Transient Groundwater Travel Time Distributions and Age-Ranked Storage-Discharge Relationships of Three Lowland Catchments

The contribution of groundwater to streams is controlled by temporally and spatially variable groundwater flow paths with distinctive travel times. The aggregated average travel time distribution (TTD) of all these flow paths functions as a catchment characteristic. Currently, research on TTDs is expanding towards dynamic TTDs and building on this, we present dynamic backward TTDs and residence time distributions using forward particle tracking on a high-resolution spatially distributed groundwater flow model (25*25 m). We show that the dynamic backward TTDs of three Dutch catchments are determined by the interplay between the activation of shallow short flow paths and the intensification of fluxes through all flow paths when groundwater levels rise.
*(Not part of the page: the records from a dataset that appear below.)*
lemma card_avoiding_union_ge:
  assumes "finite U" and "S \<inter> U = {}"
    and "\<And>W c. W \<subseteq> S \<union> U \<Longrightarrow> c \<in> U - W \<Longrightarrow>
      real (card (hitting c W)) \<le> x * real (card (avoiding W))"
  shows "(1 - x) ^ card U * real (card (avoiding S)) \<le> real (card (avoiding (S \<union> U)))"
  using assms
proof (induction U rule: finite_induct)
  case empty
  then show ?case by simp
next
  case (insert u U)
  have "(1 - x) ^ card (insert u U) * real (card (avoiding S))
      = (1 - x) * ((1 - x) ^ card U * real (card (avoiding S)))"
    using insert.hyps by simp
  also have "\<dots> \<le> (1 - x) * real (card (avoiding (S \<union> U)))"
  proof (intro mult_left_mono)
    show "(1 - x) ^ card U * real (card (avoiding S)) \<le> real (card (avoiding (S \<union> U)))"
    proof (rule insert.IH)
      fix W c assume "W \<subseteq> S \<union> U" "c \<in> U - W"
      then show "real (card (hitting c W)) \<le> x * real (card (avoiding W))"
        using insert.prems(2) by blast
    qed (use insert.prems(1) in auto)
  qed (use x_less_1 in simp)
  also have "\<dots> \<le> real (card (avoiding (insert u (S \<union> U))))"
  proof -
    have "real (card (hitting u (S \<union> U))) \<le> x * real (card (avoiding (S \<union> U)))"
      using insert.hyps insert.prems by blast
    then show ?thesis
      by (simp add: card_avoiding_insert algebra_simps)
  qed
  finally show ?case by simp
qed

text \<open>Split \<open>T\<close> into the neighbours \<open>T\<^sub>1\<close> of \<open>c\<close> and the rest \<open>T\<^sub>2\<close>;
  then \<open>c\<close> is independent of \<open>T\<^sub>2\<close>, and by induction adding the at most \<open>D\<close> events of
  \<open>T\<^sub>1\<close> loses at most a factor \<open>(1 - x) ^ D\<close>.\<close>
lemma card_hitting_le:
  "finite T \<Longrightarrow> T \<subseteq> C \<Longrightarrow> c \<in> C \<Longrightarrow> c \<notin> T \<Longrightarrow>
     real (card (hitting c T)) \<le> x * real (card (avoiding T))"
proof (induction T arbitrary: c rule: finite_psubset_induct)
  case (psubset T)
  define T1 where "T1 = {c' \<in> T. vbl c \<inter> vbl c' \<noteq> {}}"
  define T2 where "T2 = T - T1"
  have T: "T2 \<union> T1 = T" "T2 \<inter> T1 = {}" "finite T1"
    using psubset.hyps by (auto simp: T1_def T2_def)
  have "card T1 \<le> card {c' \<in> C. c' \<noteq> c \<and> vbl c \<inter> vbl c' \<noteq> {}}"
    using psubset.prems finite_C by (intro card_mono) (auto simp: T1_def)
  then have card_T1: "card T1 \<le> D"
    using degree[OF psubset.prems(2)] by linarith
  have "hitting c T \<subseteq> hitting c T2"
    using avoiding_antimono[of T2 T] by (auto simp: hitting_def T2_def)
  then have "real (card (hitting c T)) \<le> real (card (hitting c T2))"
    by (simp add: card_mono finite_hitting)
  also have "\<dots> \<le> x * (1 - x) ^ D * real (card (avoiding T2))"
    using psubset.prems(2) by (rule card_hitting_le_disjoint) (auto simp: T1_def T2_def)
  also have "\<dots> \<le> x * ((1 - x) ^ card T1 * real (card (avoiding T2)))"
    unfolding mult.assoc using x_pos x_less_1 card_T1
    by (intro mult_left_mono mult_right_mono power_decreasing) auto
  also have "\<dots> \<le> x * real (card (avoiding T))"
  proof -
    have "(1 - x) ^ card T1 * real (card (avoiding T2)) \<le> real (card (avoiding (T2 \<union> T1)))"
    proof (rule card_avoiding_union_ge[OF T(3,2)])
      fix W c' assume "W \<subseteq> T2 \<union> T1" "c' \<in> T1 - W"
      then show "real (card (hitting c' W)) \<le> x * real (card (avoiding W))"
        using psubset.IH[of W c'] psubset.prems(1) psubset.hyps T
        by (auto simp: T1_def finite_subset)
    qed
    then show ?thesis
      using x_pos T(1) by (simp add: mult_left_mono)
  qed
  finally show ?case .
qed

theorem avoiding_C_nonempty: "avoiding C \<noteq> {}"
proof -
  have "(1 - x) ^ card C * real (card (avoiding {})) \<le> real (card (avoiding ({} \<union> C)))"
    using finite_C card_hitting_le finite_subset[OF _ finite_C]
    by (intro card_avoiding_union_ge) auto
  moreover have "avoiding {} \<noteq> {}"
    using domains by (simp add: avoiding_empty PiE_eq_empty_iff)
  then have "0 < (1 - x) ^ card C * real (card (avoiding {}))"
    using x_less_1 finite_avoiding by (simp add: card_gt_0_iff)
  ultimately show ?thesis
    by auto
qed

end

lemma one_over_2eD_le_lll_weight:
  fixes D :: nat
  assumes "D \<ge> 1"
  shows "1 / (2 * exp 1 * real D) \<le> 1 / (real D + 1) * (1 - 1 / (real D + 1)) ^ D"
proof -
  have D: "real D > 0" using assms by simp
  have "(1 + 1 / real D) ^ D \<le> exp (1 / real D) ^ D"
    using D by (intro power_mono exp_ge_add_one_self) simp
  also have "\<dots> = exp 1"
    using D by (simp flip: exp_of_nat_mult)
  finally have "1 / exp 1 \<le> 1 / (1 + 1 / real D) ^ D"
    using D by (intro divide_left_mono) (auto simp: add_pos_nonneg)
  also have "\<dots> = (1 - 1 / (real D + 1)) ^ D"
    using D by (simp add: field_simps power_one_over)
  finally have power_ge: "1 / exp 1 \<le> (1 - 1 / (real D + 1)) ^ D" .
  have "(real D + 1) * exp 1 \<le> (2 * real D) * exp 1"
    using assms by (intro mult_right_mono) auto
  then have "1 / (2 * exp 1 * real D) \<le> 1 / (real D + 1) * (1 / exp 1)"
    using D by (simp add: frac_le mult.commute mult.left_commute)
  also have "\<dots> \<le> 1 / (real D + 1) * (1 - 1 / (real D + 1)) ^ D"
    using power_ge by (intro mult_left_mono) auto
  finally show ?thesis .
qed

context atomic_bad_events
begin

text \<open>The bound \<open>2\<close> covers the case \<open>D = 0\<close>, where the bad events are independent.\<close>
theorem avoiding_C_nonempty_symmetric:
  assumes degree: "\<And>c. c \<in> C \<Longrightarrow> card {c' \<in> C. c' \<noteq> c \<and> vbl c \<inter> vbl c' \<noteq> {}} \<le> D"
    and weight: "\<And>c. c \<in> C \<Longrightarrow> max 2 (2 * exp 1 * real D) \<le> (\<Prod>v\<in>vbl c. real (card (G v)))"
  shows "avoiding C \<noteq> {}"
proof (cases "D = 0")
  case True
  interpret atomic_local_lemma V G C vbl \<sigma> "1 / 2" D
    using degree weight True by unfold_locales force+
  show ?thesis by (rule avoiding_C_nonempty)
next
  case False
  let ?x = "1 / (real D + 1)"
  have "1 \<le> ?x * (1 - ?x) ^ D * (\<Prod>v\<in>vbl c. real (card (G v)))" if "c \<in> C" for c
  proof -
    have "1 = 1 / (2 * exp 1 * real D) * (2 * exp 1 * real D)"
      using False by simp
    also have "\<dots> \<le> ?x * (1 - ?x) ^ D * (\<Prod>v\<in>vbl c. real (card (G v)))"
      using False weight[OF that]
      by (intro mult_mono one_over_2eD_le_lll_weight) (auto intro: order_trans[OF exp_ge_zero])
    finally show ?thesis .
  qed
  then interpret atomic_local_lemma V G C vbl \<sigma> ?x D
    using degree False by unfold_locales (auto simp: field_simps)
  show ?thesis by (rule avoiding_C_nonempty)
qed

end

lemma mpow_nonneg:
  assumes "stochastic_on S P" and "x \<in> S"
  shows "0 \<le> mpow S P n x y"
  using assms(2)
proof (induction n arbitrary: x)
  case (Suc n)
  then show ?case
    using assms(1) by (auto simp: stochastic_on_def prob_dist_on_def intro!: sum_nonneg)
qed simp

lemma mpow_Suc_ge:
  assumes "stochastic_on S P" and "x \<in> S" and "z \<in> S"
  shows "P x z * mpow S P n z y \<le> mpow S P (Suc n) x y"
proof -
  have "\<forall>w\<in>S. 0 \<le> P x w * mpow S P n w y"
    using assms mpow_nonneg[OF assms(1)] by (auto simp: stochastic_on_def prob_dist_on_def)
  then show ?thesis
    using assms(1,3) by (auto simp: stochastic_on_def intro: member_le_sum)
qed

lemma mpow_pos_imp_step_pos:
  assumes "stochastic_on S P" and "x \<in> S" and "0 < mpow S P (Suc n) x y"
  obtains z where "z \<in> S" "0 < P x z" "0 < mpow S P n z y"
proof -
  have "0 < (\<Sum>z\<in>S. P x z * mpow S P n z y)"
    using assms(3) by simp
  then obtain z where z: "z \<in> S" "0 < P x z * mpow S P n z y"
    by (meson not_le sum_nonpos)
  moreover have "0 \<le> P x z" "0 \<le> mpow S P n z y"
    using assms(1,2) z(1) mpow_nonneg[OF assms(1)] by (auto simp: stochastic_on_def prob_dist_on_def)
  ultimately show ?thesis
    using that by (simp add: zero_less_mult_iff)
qed

lemma harmonic_max_step:
  assumes P: "stochastic_on S P"
    and harmonic: "\<And>y. y \<in> S \<Longrightarrow> (\<Sum>x\<in>S. P y x * f x) = f y"
    and max: "\<And>z. z \<in> S \<Longrightarrow> f z \<le> f y0"
    and y: "y \<in> S" "f y = f y0" and z: "z \<in> S" "0 < P y z"
  shows "f z = f y0"
proof -
  have "(\<Sum>x\<in>S. P y x * (f y0 - f x)) = f y0 * (\<Sum>x\<in>S. P y x) - (\<Sum>x\<in>S. P y x * f x)"
    by (simp add: algebra_simps sum_subtractf sum_distrib_left)
  also have "\<dots> = 0"
    using P y harmonic[OF y(1)] by (simp add: stochastic_on_def prob_dist_on_def)
  finally have sum_0: "(\<Sum>x\<in>S. P y x * (f y0 - f x)) = 0" .
  have "\<forall>x\<in>S. 0 \<le> P y x * (f y0 - f x)"
    using P y(1) max by (auto simp: stochastic_on_def prob_dist_on_def)
  then have "P y z * (f y0 - f z) = 0"
    using sum_nonneg_eq_0_iff[of S "\<lambda>x. P y x * (f y0 - f x)"] sum_0 z(1) P
    by (simp add: stochastic_on_def)
  then show ?thesis
    using z(2) by simp
qed

text \<open>Maximum principle: the mean-value property forces the maximum to propagate along
  every positive step, and irreducibility lets it reach every state.\<close>
lemma harmonic_max_imp_const:
  assumes P: "stochastic_on S P" and irr: "irreducible_on S P"
    and harmonic: "\<And>y. y \<in> S \<Longrightarrow> (\<Sum>x\<in>S. P y x * f x) = f y"
    and y0: "y0 \<in> S" and max: "\<And>z. z \<in> S \<Longrightarrow> f z \<le> f y0"
    and z: "z \<in> S"
  shows "f z = f y0"
proof -
  have "f w = f y0" if "y \<in> S" "f y = f y0" "0 < mpow S P n y w" for n y w
    using that
  proof (induction n arbitrary: y)
    case 0
    then show ?case by (simp split: if_splits)
  next
    case (Suc n)
    obtain z where "z \<in> S" "0 < P y z" "0 < mpow S P n z w"
      using mpow_pos_imp_step_pos[OF P Suc.prems(1,3)] .
    then show ?case
      using Suc.IH harmonic_max_step[OF P harmonic max] Suc.prems(1,2) by blast
  qed
  moreover obtain n where "0 < mpow S P n y0 z"
    using irr y0 z by (auto simp: irreducible_on_def)
  ultimately show ?thesis
    using y0 by blast
qed

lemma reversible_imp_stationary:
  assumes "stochastic_on S P" and "prob_dist_on S \<pi>" and "reversible_on S P \<pi>"
  shows "stationary_on S P \<pi>"
  unfolding stationary_on_def
proof (intro conjI assms(2) ballI)
  fix y assume y: "y \<in> S"
  have "(\<Sum>x\<in>S. \<pi> x * P x y) = (\<Sum>x\<in>S. \<pi> y * P y x)"
    using assms(3) y by (intro sum.cong) (auto simp: reversible_on_def)
  also have "\<dots> = \<pi> y"
    using assms(1) y by (simp add: stochastic_on_def prob_dist_on_def flip: sum_distrib_left)
  finally show "(\<Sum>x\<in>S. \<pi> x * P x y) = \<pi> y" .
qed

lemma stationary_ratio_harmonic:
  assumes rev: "reversible_on S P \<pi>" and pos: "\<And>y. y \<in> S \<Longrightarrow> 0 < \<pi> y"
    and st: "stationary_on S P \<pi>'" and y: "y \<in> S"
  shows "(\<Sum>x\<in>S. P y x * (\<pi>' x / \<pi> x)) = \<pi>' y / \<pi> y"
proof -
  have "\<pi> y * (\<Sum>x\<in>S. P y x * (\<pi>' x / \<pi> x)) = (\<Sum>x\<in>S. \<pi>' x * P x y)"
    unfolding sum_distrib_left
  proof (rule sum.cong)
    fix x assume x: "x \<in> S"
    have "\<pi> y * (P y x * (\<pi>' x / \<pi> x)) = (\<pi> y * P y x) * (\<pi>' x / \<pi> x)"
      by (simp only: mult.assoc)
    also have "\<dots> = (\<pi> x * P x y) * (\<pi>' x / \<pi> x)"
      using rev x y by (simp add: reversible_on_def)
    also have "\<dots> = \<pi>' x * P x y"
      using pos[OF x] by simp
    finally show "\<pi> y * (P y x * (\<pi>' x / \<pi> x)) = \<pi>' x * P x y" .
  qed simp
  also have "\<dots> = \<pi>' y"
    using st y by (simp add: stationary_on_def)
  finally show ?thesis
    using pos[OF y] by (simp add: nonzero_eq_divide_eq mult.commute)
qed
In addition, the preference for young water in our lowland catchments appears strongly controlled by drainage density. Variations in catchment mixing with time and between catchments were analyzed using dynamic StorAge Selection (SAS) functions. This showed the effect of differences in geology and topography on the shape of the SAS functions. Additionally, the variability of SAS functions in time was shown to depend on the extent to which new flow paths can be activated. Time-varying SAS functions are required for computation of dynamic TTDs, and this research showed realistic values for the variability in the SAS functions of lowland catchments. The step towards dynamic TTDs is crucial for understanding the temporal and spatial behavior of streams, their chemical composition, and their ecological value.